がばっと、ロウがわたしの身体を抱きしめる。
「泣いてるの? ……そうか、景生っち……」
そんなロウの言葉でわたしは、自分の頬がぬれていることに、初めて気がついた。
慌てて手の甲でぬぐう。
ああ、冷たい。
「……」
「! ……ロイズ……」
ロウと、悪魔の視線が交差する。
どういうことかはわからないが、知り合いのようだ。
悪魔はひゅるるとワイヤーを回収すると、ふうとため息をついた。呆れているのか、思い通りにいかなくて怒っているのか、わからない。
「何をした」
「別に? ただ、ちょっと仲間の力を借りたのさ」
そう言って、ロウはふっと背後に視線を送った。
その視線をたどると、そこには。
「よお、馬鹿弟子。泣き顔も悪くはねえなあ」
「……ひげ面師匠」
ルキノが、やはり煙草をふかせながら、立っていた。
わたしの言葉で、少し眉をひそめる。
どうやらカンに障ったようだ。
「なるほど。『言ノ葉』か」
頷いて、悪魔は身構えた。
しかしルキノは鳥居によしかかったまま、動かない。
いっそ切り刻まれてしまえばいいのに。
「……逃げよう、トラコ」
そんな様子をみつめていたわたしの肩を掴んで、一度身体を離すと、ロウは真剣な顔でみつめてきた。
顔が近い。
そしてついでに、声のトーンが、低い。
ありきたりで、お決まりの台詞も、ロウがいえばもっともらしく聞こえるから、不思議だ。
まあ、それと従うかは、別の話だが。
「お断りします。
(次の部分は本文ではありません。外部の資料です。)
lemma range_P: "range (\<lambda>x. P *v x) = span (u ` {i. i < CARD('n) \<and> gam i \<noteq> 0})"
proof
  have "(gam i * (u i \<bullet> x)) *\<^sub>R u i \<in> span (u ` {i. i < CARD('n) \<and> gam i \<noteq> 0})"
    if "i < CARD('n)" for i x
    using that by (cases "gam i = 0") (auto intro: span_mul span_base simp: span_zero)
  then show "range (\<lambda>x. P *v x) \<subseteq> span (u ` {i. i < CARD('n) \<and> gam i \<noteq> 0})"
    unfolding P_matrix_vector_mult by (auto intro: span_sum)
  have "u i \<in> range (\<lambda>x. P *v x)" if "i < CARD('n)" "gam i \<noteq> 0" for i
  proof -
    have "P *v ((1 / gam i) *\<^sub>R u i) = u i"
      using that by (simp add: matrix_vector_mult_scaleR P_frame)
    then show ?thesis by (metis rangeI)
  qed
  then show "span (u ` {i. i < CARD('n) \<and> gam i \<noteq> 0}) \<subseteq> range (\<lambda>x. P *v x)"
    by (intro span_minimal linear_subspace_image[OF matrix_vector_mul_linear subspace_UNIV]) auto
qed

lemma rank_P: "rank P = card {i. i < CARD('n) \<and> gam i \<noteq> 0}"
proof -
  let ?Z = "{i. i < CARD('n) \<and> gam i \<noteq> 0}"
  have "independent (u ` ?Z)"
    by (rule independent_mono[OF independent_frame]) auto
  then have "rank P = card (u ` ?Z)"
    unfolding rank_dim_range range_P by (rule dim_span_eq_card_independent)
  also have "\<dots> = card ?Z"
    by (rule card_image) (rule inj_on_subset[OF inj_on_frame], auto)
  finally show ?thesis .
qed

lemma nonzero_eigenvalues: "{i. i < CARD('n) \<and> gam i \<noteq> 0} = {..<rank P}"
  unfolding rank_P
proof (rule finite_down_closed_eq_lessThan)
  fix i j assume "i \<le> j" "j \<in> {i. i < CARD('n) \<and> gam i \<noteq> 0}"
  then show "i \<in> {i. i < CARD('n) \<and> gam i \<noteq> 0}"
    using gam_antimono[of i j] gam_nonneg[of j] by auto
qed simp

lemma gam_pos_iff: "i < CARD('n) \<Longrightarrow> 0 < gam i \<longleftrightarrow> i < rank P"
  using nonzero_eigenvalues gam_nonneg[of i] by (auto simp: set_eq_iff less_le)

lemma gam_eq_0: "i < CARD('n) \<Longrightarrow> \<not> i < rank P \<Longrightarrow> gam i = 0"
  using gam_pos_iff gam_nonneg by force

lemma frame_coord_complement_projector:
  assumes "is_orth_projector Q (range (\<lambda>x. P *v x))" and "a < CARD('n)"
  shows "u a \<bullet> ((mat 1 - Q) *v y) = (if a < rank P then 0 else u a \<bullet> y)"
proof (cases "a < rank P")
  case True
  then have "gam a \<noteq> 0"
    using gam_pos_iff[OF assms(2)] by simp
  then have "P *v ((1 / gam a) *\<^sub>R u a) = u a"
    using assms(2) by (simp add: matrix_vector_mult_scaleR P_frame)
  then have "(y - Q *v y) \<bullet> u a = 0"
    using assms(1) unfolding is_orth_projector_def by (metis rangeI)
  then show ?thesis
    using True by (simp add: matrix_vector_mult_diff_rdistrib inner_commute)
next
  case False
  obtain z where "Q *v y = P *v z"
    using assms(1) unfolding is_orth_projector_def by blast
  then have "u a \<bullet> (Q *v y) = 0"
    using inner_frame_P[OF assms(2)] gam_eq_0[OF assms(2) False] by simp
  then show ?thesis
    using False by (simp add: matrix_vector_mult_diff_rdistrib inner_diff_right)
qed

lemma complement_projector_frame:
  assumes "is_orth_projector Q (range (\<lambda>x. P *v x))" and "b < CARD('n)"
  shows "(mat 1 - Q) *v u b = (if b < rank P then 0 else u b)"
  by (rule vector_eq_0_by_frame[where x = "(mat 1 - Q) *v u b - (if b < rank P then 0 else u b)",
        simplified])
    (use frame_coord_complement_projector[OF assms(1)] inner_frame assms(2)
      in \<open>auto simp: inner_diff_right\<close>)

lemma matrix_mult_P: "H ** P = (\<Sum>i<CARD('n). gam i *\<^sub>R outer (H *v u i) (u i))"
  unfolding P_eq by (simp add: matrix_sum_ldistrib matrix_scaleR_right matrix_mult_outer)

lemma trace_transpose_mult_P:
  "trace (transpose H ** H ** P) = (\<Sum>i<CARD('n). gam i * ((H *v u i) \<bullet> (H *v u i)))"
  unfolding matrix_mult_P
  by (simp add: trace_sum trace_scaleR trace_outer dot_lmul_matrix matrix_vector_mul_assoc[symmetric])

lemma trace_transpose_mult_P_nonneg: "0 \<le> trace (transpose H ** H ** P)"
  unfolding trace_transpose_mult_P by (auto intro!: sum_nonneg mult_nonneg_nonneg gam_nonneg)

lemma loss_curvature_nonneg:
  assumes "0 \<le> q"
  shows "0 \<le> loss_curvature P q H"
proof -
  have "0 \<le> trace (transpose H ** H ** P)"
    by (rule trace_transpose_mult_P_nonneg)
  moreover have "0 \<le> trace ((H + transpose H) ** (H + transpose H))"
    using trace_transpose_mult_self_nonneg[of "H + transpose H"]
    by (simp add: transpose_add add.commute)
  ultimately show ?thesis
    unfolding loss_curvature_def using assms by simp
qed

lemma loss_curvature_eq_0_iff:
  assumes "0 < q"
  shows "loss_curvature P q H = 0 \<longleftrightarrow> transpose H = - H \<and> H ** P = 0"
proof
  assume "loss_curvature P q H = 0"
  moreover have "0 \<le> trace (transpose H ** H ** P)"
    by (rule trace_transpose_mult_P_nonneg)
  moreover have "0 \<le> q / 4 * trace ((H + transpose H) ** (H + transpose H))"
    using trace_transpose_mult_self_nonneg[of "H + transpose H"] assms
    by (simp add: transpose_add add.commute)
  ultimately have P_part: "trace (transpose H ** H ** P) = 0"
    and "q / 4 * trace ((H + transpose H) ** (H + transpose H)) = 0"
    unfolding loss_curvature_def by linarith+
  then have "trace (transpose (H + transpose H) ** (H + transpose H)) = 0"
    using assms by (simp add: transpose_add add.commute)
  then have skew: "transpose H = - H"
    unfolding trace_transpose_mult_self_eq_0_iff by (simp add: add_eq_0_iff)
  have "gam i * ((H *v u i) \<bullet> (H *v u i)) = 0" if "i < CARD('n)" for i
    using P_part that unfolding trace_transpose_mult_P
    by (subst (asm) sum_nonneg_eq_0_iff) (auto intro!: mult_nonneg_nonneg gam_nonneg)
  then have "gam i *\<^sub>R outer (H *v u i) (u i) = 0" if "i < CARD('n)" for i
    using that by (auto simp: outer_def vec_eq_iff)
  then have "H ** P = 0"
    unfolding matrix_mult_P by (auto intro: sum.neutral)
  with skew show "transpose H = - H \<and> H ** P = 0" ..
next
  assume "transpose H = - H \<and> H ** P = 0"
  then show "loss_curvature P q H = 0"
    by (simp add: loss_curvature_def matrix_mul_assoc[symmetric] trace_def)
qed

lemma skew_annihilator_eq_0:
  assumes "CARD('n) \<le> rank P + 1" and skew: "transpose K = - K" and "K ** P = 0"
  shows "K = 0"
proof (rule matrix_eq_0_by_frame)
  have K_frame: "K *v u j = 0" if "j < rank P" for j
  proof -
    have j: "j < CARD('n)"
      using that rank_bound[of P] by simp
    have "gam j *\<^sub>R (K *v u j) = (K ** P) *v u j"
      by (simp add: matrix_vector_mul_assoc[symmetric] P_frame[OF j] matrix_vector_mult_scaleR)
    then show ?thesis
      using assms(3) gam_pos_iff[OF j] that by simp
  qed
  have skew_coord: "u a \<bullet> (K *v u b) = - ((K *v u a) \<bullet> u b)" for a b
    using dot_lmul_matrix[of "u a" K "u b"] skew
    by (metis transpose_matrix_vector uminus_matrix_vector_mult inner_minus_left)
  fix a b assume "a < CARD('n)" and "b < CARD('n)"
  then have "b < rank P \<or> a < rank P \<or> a = b"
    using assms(1) by linarith
  then show "u a \<bullet> (K *v u b) = 0"
  proof (elim disjE)
    assume "b < rank P"
    then show ?thesis using K_frame by simp
  next
    assume "a < rank P"
    then show ?thesis using K_frame skew_coord[of a b] by simp
  next
    assume "a = b"
    then show ?thesis using skew_coord[of a a] by (simp add: inner_commute)
  qed
qed

lemma skew_annihilator_exists:
  assumes "rank P + 2 \<le> CARD('n)"
  shows "\<exists>K. transpose K = - K \<and> K ** P = 0 \<and> K \<noteq> 0"
proof -
  define i j where "i = rank P" and "j = rank P + 1"
  have ij: "i < CARD('n)" "j < CARD('n)" "i \<noteq> j" "\<not> i < rank P" "\<not> j < rank P"
    using assms by (auto simp: i_def j_def)
  define K where "K = outer (u i) (u j) - outer (u j) (u i)"
  have "transpose K = - K"
    unfolding K_def by (simp add: transpose_diff transpose_outer)
  moreover have "K ** P = 0"
    unfolding K_def using ij
    by (simp add: matrix_diff_rdistrib outer_matrix_mult transpose_P P_frame gam_eq_0 outer_zero_right
        del: transpose_matrix_vector)
  moreover have "K *v u j = u i"
    unfolding K_def using ij inner_frame
    by (simp add: matrix_vector_mult_diff_rdistrib outer_matrix_vector_mult)
  then have "K \<noteq> 0"
    using ij inner_frame[of i i] by auto
  ultimately show ?thesis by blast
qed

lemma skew_annihilator_trivial_iff:
  "(\<forall>K. transpose K = - K \<and> K ** P = 0 \<longrightarrow> K = 0) \<longleftrightarrow> CARD('n) \<le> rank P + 1"
proof (cases "CARD('n) \<le> rank P + 1")
  case False
  then have "rank P + 2 \<le> CARD('n)" by linarith
  then show ?thesis
    using False skew_annihilator_exists by blast
qed (use skew_annihilator_eq_0 in blast)

definition critical_coeff :: "real^'n^'n \<Rightarrow> real \<Rightarrow> real \<Rightarrow> nat \<Rightarrow> nat \<Rightarrow> real" where
  "critical_coeff E q r i j =
     gam i * (r / q) * (u i \<bullet> (E *v u j)) / (2 / q * gam i * gam j + gam i + gam j)"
わたしは逃げません」
わたしは悪魔から視線をそらさずに、呟いた。
じじいのカタキは、なんとしてもわたしが、うちたい。
「あの景生っちが命をかけて、君を守ったんだ。無駄にしちゃいけないんだよ」
ロウの必死な顔。
必死な、言葉。
視線を外さざるをえない。
ロウを、みつめざるをえない。
ああ、なんで貴方は、いつだって。
「逃がすものか」
「「!」」
悪魔の声が、不意に響いた。
カツ、カツ、と徐々にこちらに向かってくる。
よくみれば身体自体は無事だが、その衣服はところどころ焼け焦げていた。
ガラガラと神社が焼け落ちていく。
……ああ、消火活動も、できない。
「おうおう。分が悪いのはそっちだぜ? なんたって、悪魔が三人もいるんだからよ、こっちには」
相変わらず鳥居によりかかったまま、腕を組んで、ルキノは不敵に笑った。
「三人?」
「おうよ。おーい、でてきていいぞー」
ルキノが森に向かって、叫んだ。
悪魔は辺りをみわたして、身構えた。……が、応答はまるでない。
数秒して、鼻を鳴らす。
「ふん。お得意のハッタリか? ハインリッヒの出来損ないと放浪者の貴様に、このオスカー家である某は、負けん。安心しろ昔のよしみだ。痛みなく殺して…ぐふっ!」
刹那、悪魔の身体が、横にぶっ飛んだ。
続けざまにみえたのは、目の前の悪魔よりも鮮やかな、綺麗な、それでいて真っ赤な炎のような、髪。
――レオンだ。
「おいホスト。せっかく仕事を譲ってやったのに、何しやがんだコラ」
ひどく不機嫌な顔をしたレオンが、服をぱんぱんと払いながらたっていた。
風に黒いロングコートが、なびく。
「俺はな、抹殺が専門なんだよ。あっさり居場所バラしてんじゃねえよこのダメ男」
「うっせえ。せっかく非番だったのにそこにいたテメェが悪いだろうが」
「お前がちゃんと働くか、見に来たんだよ」
それはもっともらしい意見だった。
レオンの身体に炎がまといはじめる。
吹っ飛ばされた悪魔は、ふらふらと立ち上がった。
……これが、悪魔同士の、戦い。
思わず、刀を握る手に、力が入る。
「俺とこの小僧がテキトーにやってやっからよ、お前ら二人はバロックんとこでもいってな。邪魔だ邪魔」
やっと、ルキノは鳥居から背を離した。
逃げる?
どいつも、こいつも。
そんな、ふぬけたことを。
「……お断りします」
ギロリ、とわたしはひげ面を睨んだ。
どくんどくんと鼓動が激しい。
気を抜いたら、失神してしまいそうだ。
まだ血潮は冷めない。殺意も、冷めない。
これがいわゆる、アドレナリンがでている状況なのだろうか。
はたまた、わたしは。
たった一人の保護者を失ったことで――、死に場所を、探しているのだろうか。
ぱんっ
刹那、わたしの頬に、衝撃がきた。
「こんなこともわかんねーのか? 今のお前、おかしいくらいにクールじゃねえよ? 状況判断もできねーか?」
「……!」
目の前に、ひげ面が立っていた。
ひどく怒った、顔で。
いや、どちらかといえば、無表情、なのだろうか。
「少し頭冷やせ。肉親亡くして自暴自棄になって、死んでやるってか? そんなことしたら、この神社立て直すのは誰なんだ? あ? もしかしてそんな大事なことまで投げ出すほど、自暴自棄になって?
――今お前がやらなきゃなんねーこと、何だ!」
神社が崩れ落ちる音が、わたしの耳に届いた。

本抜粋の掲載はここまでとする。